For the first time in the school’s history, University of Massachusetts-Boston will build dormitories to house 2,000 of its 12,600 students, UMass-Boston Chancellor Michael Collins announced Tuesday.
“We find ourselves today at a defining juncture in the formation of our university, and I believe we can work together to forge a path that does in fact lead to perfection,” Collins said at the event, according to a Sept. 15 article in The Boston Globe.
UMass-Boston, located in Dorchester, is currently a commuter school.
Collins told students, staff and faculty during his address that the “plan for the residence halls was part of a multi-year master plan that the university will kick-start this year.”
A Sept. 14 U-Mass Boston press release outlined the master plan. In addition to exploring the possibility of new dormitories, the outline includes a push to increase enrollment from 12,600 students to 15,000 — the target number of students the school had planned when it was established in 1964. It also includes a commitment to building new classroom and lab space on campus, as well as the launch of a “UMass Boston Renewal” project.
However, there is currently no site, no funding and no timeline for the proposed dormitories, according to UMass-Boston spokesman Ed Hayward.
Hayward said the university is currently trying to “determine if it is an area of need for students and the campus in general.
“The discussion has been one that has taken place on campus for many years in many forms,” he said.
According to the Globe article, the idea of adding residence halls to the Dorchester campus has been a source of controversy since 2003 when Gov. Mitt Romney killed a $218 million plan to build housing at the school, claiming the plan was financially unsound.
However, the 2003 plan was backed by former UMass President William Bulger.

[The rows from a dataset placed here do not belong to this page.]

(* Let $\theta>0$ and $1\le p_i,q_i<\infty$ for $i=1,2,3$. Suppose there exist positive constants $c$ and $C$ such that $$\|xy\|_{l^{q_3),\theta}}\le c\,\|x\|_{l^{q_1),\theta}}\|y\|_{l^{q_2),\theta}}\quad\text{for all } x=\{x_k\}_{k\in X}\in l^{q_1),\theta},\ y=\{y_k\}_{k\in X}\in l^{q_2),\theta},$$ where $xy=\{x_ky_k\}_{k\in X}$, and $$\|(hs)\chi_E\|_{L^{p_3}}\le C\,\|h\chi_E\|_{L^{p_1}}\|s\chi_E\|_{L^{p_2}}\quad\text{for all } h\in L^{p_1},\ s\in L^{p_2},$$ for every subset $E\subset\mathbb R$ of finite Lebesgue measure. Then for all $f\in l^{q_1),\theta}(L^{p_1})$ and $g\in l^{q_2),\theta}(L^{p_2})$, $$\|fg\|_{p_3,q_3),\theta}\le cC\,\|f\|_{p_1,q_1),\theta}\|g\|_{p_2,q_2),\theta}.$$
   Context: Let $X$ be one of $\mathbb N,\mathbb N_0,\mathbb Z$ and $I_k=[k,k+1)$ for $k\in X$. For $1\le q<\infty$ and $\theta>0$, $l^{q),\theta}$ is the space of real sequences $x=\{x_k\}_{k\in X}$ with $\|x\|_{l^{q),\theta}}:=\sup_{\varepsilon>0}\varepsilon^{\frac{\theta}{q(1+\varepsilon)}}\|x\|_{l^{q(1+\varepsilon)}}<\infty$. For $1\le p<\infty$, $l^{q),\theta}(L^p)$ is the space of complex-valued measurable $g$ on $\bigcup_{k\in X}I_k$ with $g\chi_{I_k}\in L^p$ for all $k$ and $\|g\|_{p,q),\theta}:=\big\|\{\|g\chi_{I_k}\|_{L^p}\}_{k\in X}\big\|_{l^{q),\theta}}=\sup_{\varepsilon>0}\Big(\varepsilon^{\theta}\sum_{k\in X}\big(\int_{I_k}|g|^p\big)^{\frac{q(1+\varepsilon)}{p}}\Big)^{\frac{1}{q(1+\varepsilon)}}<\infty$. *)

theory Defs
  imports "HOL-Analysis.Analysis"
begin

text \<open>Power of an extended nonnegative real, for positive exponents: \<open>\<infinity>\<close> stays \<open>\<infinity>\<close>.\<close>
definition epowr :: "ennreal \<Rightarrow> real \<Rightarrow> ennreal" where
  "epowr t a = (if t = \<infinity> then \<infinity> else ennreal (enn2real t powr a))"

text \<open>The index set X is one of N = {1..}, N0 = {0..}, Z, viewed inside int.\<close>
definition admissible_index :: "int set \<Rightarrow> bool" where
  "admissible_index X \<longleftrightarrow> X = {1..} \<or> X = {0..} \<or> X = UNIV"

definition lr_norm :: "int set \<Rightarrow> real \<Rightarrow> (int \<Rightarrow> real) \<Rightarrow> ennreal" where
  "lr_norm X r x = epowr (\<integral>\<^sup>+ k. ennreal (\<bar>x k\<bar> powr r) \<partial>count_space X) (1 / r)"

definition grand_seq_norm :: "int set \<Rightarrow> real \<Rightarrow> real \<Rightarrow> (int \<Rightarrow> real) \<Rightarrow> ennreal" where
  "grand_seq_norm X q \<theta> x =
     (SUP \<epsilon>\<in>{0<..}. ennreal (\<epsilon> powr (\<theta> / (q * (1 + \<epsilon>)))) * lr_norm X (q * (1 + \<epsilon>)) x)"

definition in_grand_seq :: "int set \<Rightarrow> real \<Rightarrow> real \<Rightarrow> (int \<Rightarrow> real) \<Rightarrow> bool" where
  "in_grand_seq X q \<theta> x \<longleftrightarrow> grand_seq_norm X q \<theta> x < \<infinity>"

definition Lp_on :: "real \<Rightarrow> (real \<Rightarrow> complex) \<Rightarrow> real set \<Rightarrow> ennreal" where
  "Lp_on p g E = epowr (\<integral>\<^sup>+ t. indicator E t * ennreal (cmod (g t) powr p) \<partial>lebesgue) (1 / p)"

definition in_Lp :: "real \<Rightarrow> (real \<Rightarrow> complex) \<Rightarrow> bool" where
  "in_Lp p h \<longleftrightarrow> h \<in> borel_measurable lebesgue \<and> Lp_on p h UNIV < \<infinity>"

definition unit_interval :: "int \<Rightarrow> real set" where
  "unit_interval k = {real_of_int k..<real_of_int k + 1}"

definition grand_mixed_norm :: "int set \<Rightarrow> real \<Rightarrow> real \<Rightarrow> real \<Rightarrow> (real \<Rightarrow> complex) \<Rightarrow> ennreal" where
  "grand_mixed_norm X p q \<theta> g =
     grand_seq_norm X q \<theta> (\<lambda>k. enn2real (Lp_on p g (unit_interval k)))"

definition in_grand_mixed :: "int set \<Rightarrow> real \<Rightarrow> real \<Rightarrow> real \<Rightarrow> (real \<Rightarrow> complex) \<Rightarrow> bool" where
  "in_grand_mixed X p q \<theta> g \<longleftrightarrow>
     g \<in> borel_measurable lebesgue \<and>
     (\<forall>k\<in>X. Lp_on p g (unit_interval k) < \<infinity>) \<and>
     grand_mixed_norm X p q \<theta> g < \<infinity>"

end

theory Submission
  imports Defs
begin

text \<open>On each unit interval \<open>I_k\<close> apply the assumed Hoelder inequality to the truncations
  \<open>f \<chi>(I_k)\<close> and \<open>g \<chi>(I_k)\<close>, which do lie in \<open>L^p1\<close> and \<open>L^p2\<close>: the sequence of local
  \<open>L^p3\<close> norms of \<open>fg\<close> is dominated termwise by \<open>C\<close> times the product of the local norm
  sequences of \<open>f\<close> and \<open>g\<close>. The grand sequence norm is monotone and positively homogeneous,
  so the assumed sequence Hoelder inequality finishes the proof.\<close>

lemma epowr_mono:
  assumes "t \<le> s" "a > 0"
  shows "epowr t a \<le> epowr s a"
proof (cases "s = \<infinity>")
  case True
  then show ?thesis by (simp add: epowr_def)
next
  case False
  then have "t \<noteq> \<infinity>"
    using assms(1) by (metis infinity_ennreal_def top.extremum_uniqueI)
  moreover have "enn2real t \<le> enn2real s"
    using assms(1) False by (simp add: enn2real_mono less_top)
  ultimately show ?thesis
    using False assms by (simp add: epowr_def powr_mono2 ennreal_leI)
qed

lemma epowr_cmult_powr:
  assumes "C > 0" "r > 0"
  shows "epowr (ennreal (C powr r) * t) (1 / r) = ennreal C * epowr t (1 / r)"
proof (cases "t = \<infinity>")
  case True
  then show ?thesis using assms by (simp add: epowr_def ennreal_mult_top)
next
  case False
  then obtain u where u: "t = ennreal u" "u \<ge> 0"
    by (metis ennreal_cases infinity_ennreal_def)
  have "(C powr r * u) powr (1 / r) = C * u powr (1 / r)"
    using assms u by (simp add: powr_mult powr_powr)
  then show ?thesis
    using assms u by (simp add: epowr_def ennreal_mult[symmetric])
qed

lemma lr_norm_cmult:
  assumes "C > 0" "r > 0"
  shows "lr_norm X r (\<lambda>k. C * z k) = ennreal C * lr_norm X r z"
proof -
  have "(\<integral>\<^sup>+ k. ennreal (\<bar>C * z k\<bar> powr r) \<partial>count_space X)
      = (\<integral>\<^sup>+ k. ennreal (C powr r) * ennreal (\<bar>z k\<bar> powr r) \<partial>count_space X)"
    using assms by (intro nn_integral_cong) (simp add: abs_mult powr_mult ennreal_mult)
  also have "\<dots> = ennreal (C powr r) * (\<integral>\<^sup>+ k. ennreal (\<bar>z k\<bar> powr r) \<partial>count_space X)"
    by (simp add: nn_integral_cmult)
  finally show ?thesis
    unfolding lr_norm_def using epowr_cmult_powr[OF assms] by simp
qed

lemma lr_norm_mono:
  assumes "r > 0" "\<And>k. k \<in> X \<Longrightarrow> \<bar>a k\<bar> \<le> \<bar>b k\<bar>"
  shows "lr_norm X r a \<le> lr_norm X r b"
  unfolding lr_norm_def
  by (intro epowr_mono nn_integral_mono ennreal_leI powr_mono2) (use assms in auto)

lemma grand_seq_norm_mono:
  assumes "q > 0" "\<And>k. k \<in> X \<Longrightarrow> \<bar>a k\<bar> \<le> \<bar>b k\<bar>"
  shows "grand_seq_norm X q \<theta> a \<le> grand_seq_norm X q \<theta> b"
  unfolding grand_seq_norm_def
proof (intro SUP_mono bexI)
  fix e :: real
  assume "e \<in> {0<..}"
  then show "ennreal (e powr (\<theta> / (q * (1 + e)))) * lr_norm X (q * (1 + e)) a
      \<le> ennreal (e powr (\<theta> / (q * (1 + e)))) * lr_norm X (q * (1 + e)) b"
    using assms by (intro mult_left_mono lr_norm_mono) auto
qed

lemma grand_seq_norm_cmult:
  assumes "C > 0" "q > 0"
  shows "grand_seq_norm X q \<theta> (\<lambda>k. C * z k) = ennreal C * grand_seq_norm X q \<theta> z"
proof -
  have "grand_seq_norm X q \<theta> (\<lambda>k. C * z k)
      = (SUP e\<in>{0<..}. ennreal C * (ennreal (e powr (\<theta> / (q * (1 + e)))) * lr_norm X (q * (1 + e)) z))"
    unfolding grand_seq_norm_def using assms
    by (intro SUP_cong refl) (auto simp: lr_norm_cmult mult_ac)
  then show ?thesis
    unfolding grand_seq_norm_def by (simp add: SUP_mult_left_ennreal)
qed

lemma Lp_on_indicator_mult:
  assumes "p > 0"
  shows "Lp_on p (\<lambda>t. indicator E t * f t) F = Lp_on p f (E \<inter> F)"
proof -
  have "indicator F t * ennreal (cmod (indicator E t * f t) powr p)
      = indicator (E \<inter> F) t * ennreal (cmod (f t) powr p)" for t
    using assms by (auto simp: indicator_def)
  then show ?thesis unfolding Lp_on_def by simp
qed

lemma sets_lebesgue_unit_interval: "unit_interval k \<in> sets lebesgue"
  unfolding unit_interval_def by simp

lemma emeasure_lebesgue_unit_interval: "emeasure lebesgue (unit_interval k) = 1"
  unfolding unit_interval_def by (simp add: emeasure_completion emeasure_lborel_Ico)

lemma Lp_on_mult_le_local:
  assumes p: "p1 > 0" "p2 > 0" "p3 > 0"
    and hoelder: "\<And>h s. in_Lp p1 h \<Longrightarrow> in_Lp p2 s \<Longrightarrow>
                Lp_on p3 (\<lambda>t. h t * s t) E \<le> ennreal C * Lp_on p1 h E * Lp_on p2 s E"
    and E: "E \<in> sets lebesgue"
    and f: "f \<in> borel_measurable lebesgue" "Lp_on p1 f E < \<infinity>"
    and g: "g \<in> borel_measurable lebesgue" "Lp_on p2 g E < \<infinity>"
  shows "Lp_on p3 (\<lambda>t. f t * g t) E \<le> ennreal C * Lp_on p1 f E * Lp_on p2 g E"
proof -
  define h where "h t = indicator E t * f t" for t
  define s where "s t = indicator E t * g t" for t
  have h_E: "Lp_on p1 h F = Lp_on p1 f (E \<inter> F)" for F
    unfolding h_def using p(1) by (rule Lp_on_indicator_mult)
  have s_E: "Lp_on p2 s F = Lp_on p2 g (E \<inter> F)" for F
    unfolding s_def using p(2) by (rule Lp_on_indicator_mult)
  have "(\<lambda>t. h t * s t) = (\<lambda>t. indicator E t * (f t * g t))"
    by (auto simp: h_def s_def indicator_def)
  then have hs_E: "Lp_on p3 (\<lambda>t. h t * s t) E = Lp_on p3 (\<lambda>t. f t * g t) E"
    using p by (simp add: Lp_on_indicator_mult)
  have "h \<in> borel_measurable lebesgue"
    unfolding h_def using f(1) E by measurable
  then have "in_Lp p1 h"
    using f(2) by (simp add: in_Lp_def h_E)
  have "s \<in> borel_measurable lebesgue"
    unfolding s_def using g(1) E by measurable
  then have "in_Lp p2 s"
    using g(2) by (simp add: in_Lp_def s_E)
  then show ?thesis
    using hoelder[OF \<open>in_Lp p1 h\<close> \<open>in_Lp p2 s\<close>] hs_E h_E[of E] s_E[of E] by simp
qed

lemma grand_seq_norm_enn2real_le_mult:
  assumes "q > 0" "C > 0"
    and "\<And>k. k \<in> X \<Longrightarrow> a k \<le> ennreal C * b k * d k"
    and "\<And>k. k \<in> X \<Longrightarrow> b k < \<infinity>" "\<And>k. k \<in> X \<Longrightarrow> d k < \<infinity>"
  shows "grand_seq_norm X q \<theta> (\<lambda>k. enn2real (a k))
      \<le> ennreal C * grand_seq_norm X q \<theta> (\<lambda>k. enn2real (b k) * enn2real (d k))"
proof -
  have "\<bar>enn2real (a k)\<bar> \<le> \<bar>C * (enn2real (b k) * enn2real (d k))\<bar>" if "k \<in> X" for k
  proof -
    have "a k \<le> ennreal (C * (enn2real (b k) * enn2real (d k)))"
      using assms that by (simp add: ennreal_mult ennreal_enn2real mult.assoc)
    then show ?thesis
      using \<open>C > 0\<close> by (simp add: enn2real_leI)
  qed
  then have "grand_seq_norm X q \<theta> (\<lambda>k. enn2real (a k))
      \<le> grand_seq_norm X q \<theta> (\<lambda>k. C * (enn2real (b k) * enn2real (d k)))"
    by (rule grand_seq_norm_mono[OF \<open>q > 0\<close>])
  then show ?thesis
    using assms(1,2) by (simp add: grand_seq_norm_cmult)
qed

theorem lemma3p1:
  fixes X :: "int set" and \<theta> c C p1 p2 p3 q1 q2 q3 :: real
    and f g :: "real \<Rightarrow> complex"
  assumes X: "admissible_index X"
    and \<theta>: "\<theta> > 0"
    and p: "1 \<le> p1" "1 \<le> p2" "1 \<le> p3"
    and q: "1 \<le> q1" "1 \<le> q2" "1 \<le> q3"
    and c: "c > 0" and C: "C > 0"
    and seq: "\<And>x y. in_grand_seq X q1 \<theta> x \<Longrightarrow> in_grand_seq X q2 \<theta> y \<Longrightarrow>
                grand_seq_norm X q3 \<theta> (\<lambda>k. x k * y k)
                  \<le> ennreal c * grand_seq_norm X q1 \<theta> x * grand_seq_norm X q2 \<theta> y"
    and hoelder: "\<And>E h s. E \<in> sets lebesgue \<Longrightarrow> emeasure lebesgue E < \<infinity> \<Longrightarrow>
                in_Lp p1 h \<Longrightarrow> in_Lp p2 s \<Longrightarrow>
                Lp_on p3 (\<lambda>t. h t * s t) E \<le> ennreal C * Lp_on p1 h E * Lp_on p2 s E"
    and f: "in_grand_mixed X p1 q1 \<theta> f"
    and g: "in_grand_mixed X p2 q2 \<theta> g"
  shows "grand_mixed_norm X p3 q3 \<theta> (\<lambda>t. f t * g t)
           \<le> ennreal (c * C) * grand_mixed_norm X p1 q1 \<theta> f * grand_mixed_norm X p2 q2 \<theta> g"
proof -
  define x where "x k = enn2real (Lp_on p1 f (unit_interval k))" for k
  define y where "y k = enn2real (Lp_on p2 g (unit_interval k))" for k
  have f_local: "Lp_on p1 f (unit_interval k) < \<infinity>"
    and g_local: "Lp_on p2 g (unit_interval k) < \<infinity>" if "k \<in> X" for k
    using f g that by (auto simp: in_grand_mixed_def)
  have fg_local: "Lp_on p3 (\<lambda>t. f t * g t) (unit_interval k)
      \<le> ennreal C * Lp_on p1 f (unit_interval k) * Lp_on p2 g (unit_interval k)" if "k \<in> X" for k
  proof (rule Lp_on_mult_le_local)
    show "Lp_on p3 (\<lambda>t. h t * s t) (unit_interval k)
        \<le> ennreal C * Lp_on p1 h (unit_interval k) * Lp_on p2 s (unit_interval k)"
      if "in_Lp p1 h" "in_Lp p2 s" for h s
      using that by (intro hoelder sets_lebesgue_unit_interval) (simp_all add: emeasure_lebesgue_unit_interval)
  qed (use p f g f_local g_local \<open>k \<in> X\<close> sets_lebesgue_unit_interval in \<open>auto simp: in_grand_mixed_def\<close>)
  have "grand_mixed_norm X p3 q3 \<theta> (\<lambda>t. f t * g t)
      \<le> ennreal C * grand_seq_norm X q3 \<theta> (\<lambda>k. x k * y k)"
    unfolding grand_mixed_norm_def x_def y_def
    using q(3) by (intro grand_seq_norm_enn2real_le_mult[OF _ C fg_local f_local g_local]) simp_all
  also have "\<dots> \<le> ennreal C * (ennreal c * grand_seq_norm X q1 \<theta> x * grand_seq_norm X q2 \<theta> y)"
    using f g
    by (intro mult_left_mono seq)
       (simp_all add: in_grand_seq_def in_grand_mixed_def grand_mixed_norm_def x_def[abs_def] y_def[abs_def])
  also have "\<dots> = ennreal (c * C) * grand_mixed_norm X p1 q1 \<theta> f * grand_mixed_norm X p2 q2 \<theta> g"
    using c C by (simp add: grand_mixed_norm_def x_def[abs_def] y_def[abs_def] ennreal_mult mult_ac)
  finally show ?thesis .
qed

end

According to a Sept. 14 Boston Globe article, the 2003 plan for dormitories — part of former Chancellor Jo Ann Gora’s push to update and expand the campus — faced criticism from neighbors who said the dorms would interfere with the school’s urban structure.
“So what the chancellor thinks we should do is look closely at whether our students would [need] a residential option,” Hayward said. “We have a strategic planning process that’s going to go on for about a year.”
He said the university will have a “strategic planning effort” that will discuss “what the university needs and wants to do.”
Hayward said the planning effort will include the creation of a blueprint of the university’s proposed appearance.
“I think it’s worth something that we do have several hundred students who live right next to campus in rental apartments,” Hayward said. “We have nearly 2,000 students who live along the Red Line corridor. So students do seek housing. I think that the idea is to [gain a better grasp] of who these students are.”
Hayward said any action taken toward the dormitories is done only after consulting with campus representatives, neighbors of the campus and local elected officials.
“[During the current semester] a master planning effort will address the physical needs of the campus in a manner that supports the academic and student life enterprise,” Michael Metzger, president of the Student Senate at UMass-Boston, said in an email.
“The master planning effort will help us determine what UMass-Boston will look like in the future — with considerations for our academic space, transportation needs and how our campus can be more physically linked to the local community, to name just a few areas of interest,” Metzger continued.